Here's my save which is right next to the Zeeman Melnorme, in case it helps with debugging:

uqmsave.zip

🕵️

Serosis commented 3 years ago

Is this in v0.8.0.85 or v0.8.1?

And from the info it looks like you're running a Linux distro.
I can't currently test on Linux due to my own hardware failing me at the moment.

I know it doesn't help but this crash does not happen on Windows, even with your save.
Perhaps as an alternative run the Windows version through WINE for now.
I need to get my Virtual Machines back up and that may take awhile.

onpon4 commented 3 years ago

0.8.0.85. I didn't even know there was a 0.8.1 (0.8.0.85 is listed as the latest release on GitHub). And yes, I'm on a Linux distro.
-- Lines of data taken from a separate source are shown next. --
theorem mainTheorem13:
  fixes zero one :: "'a"
  assumes "finite (UNIV :: 'a set)"
    and "zero \<noteq> one"
  defines "\<pi> \<equiv> replicate 4 (Var 1) @ replicate 8 (Var 2) @ replicate 9 (Var 3) :: 'a pattern"
    and "v1 \<equiv> wpow [zero, one] 4 @ wpow [zero, zero, one] 8 @ wpow [zero, zero, zero, one] 9"
    and "v2 \<equiv> wpow [zero, one] (fact 9) @ wpow [zero, zero, one] (fact 9)
              @ wpow [zero, zero, zero, one] (fact 9) @ wpow [zero, zero, zero, zero, one] (fact 9)"
    and "v3 \<equiv> wpow [zero] 8 @ wpow (one # wpow [zero] 6) 8 @ wpow [zero] 3"
    and "v4 \<equiv> wpow [zero, one] 4 @ wpow [zero, zero, one] 4 @ wpow [zero, zero, zero, one] 9"
  shows "TD \<pi> (NC_class 9) \<le> 4
         \<and> teaching_set \<pi> (NC_class 9) {(v1, True), (v2, False), (v3, False), (v4, False)}"
proof -
  define \<phi> :: "bool \<Rightarrow> 'a" where "\<phi> b = (if b then one else zero)" for b
  have "inj \<phi>"
    using assms(2) by (auto simp: inj_def \<phi>_def)
  have "replicate 2 x = [x, x]" "replicate 3 x = [x, x, x]" "replicate 4 x = [x, x, x, x]"
    for x :: bool
    by (simp_all add: numeral_eq_Suc)
  then have "v1 = map \<phi> v1_bits" "v2 = map \<phi> (v2_bits (fact 9))" "v3 = map \<phi> v3_bits"
      "v4 = map \<phi> v4_bits"
    by (simp_all add: v1_def v2_def v3_def v4_def v1_bits_def v2_bits_def v3_bits_def v4_bits_def
        gap_word_replicate map_wpow \<phi>_def)
  then have teaching:
      "teaching_set \<pi> (NC_class 9) {(v1, True), (v2, False), (v3, False), (v4, False)}"
    using teaching_set_power_lang_4_8_9[OF \<open>inj \<phi>\<close>] lang_pattern_4_8_9 by (simp add: \<pi>_def)
  have "card {(v1, True), (v2, False), (v3, False), (v4, False)} \<le> 4"
    by (auto simp: card_insert_if)
  with TD_le_card[OF teaching] have "TD \<pi> (NC_class 9) \<le> 4"
    by (simp add: numeral_eq_enat order_trans)
  with teaching show ?thesis
    by blast
qed

end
Do you know how to read a backtrace? /gen The text I pasted in the first post is a backtrace from GNU Debugger. It shows the exact line where the segfault happened and some information about what data was involved at the time. Specifically it shows the segfault to be in src/uqm/comm/melnorm/melnorm.c, line 1315 (further indications below indicate from what context DoBuy was called when the segfault occurred). /nm /info

Even if this is not reproducible on Windows, it's a memory access bug. nextTech points to a memory location that it shouldn't (I'm sure that one's the problem because it's the only pointer being dereferenced on that exact line); it may simply be that due to architecture differences it's causing a segfault on Linux but just some sort of unnoticeable buggy behavior on Windows. (If I had to guess as to the cause, I would suppose that it's trying to index an element of an array outside of it, since nextTech is not NULL. Alternatively, if division by zero can possibly happen, that could cause this sort of problem if the division by zero ended up setting that pointer to a random address.) Of course, there's the possibility that this was fixed since the release I was running, too. /neu

🕵️

Serosis commented 3 years ago

v0.8.1 is in development and I'm just waiting on a few graphical additions before putting out the official release.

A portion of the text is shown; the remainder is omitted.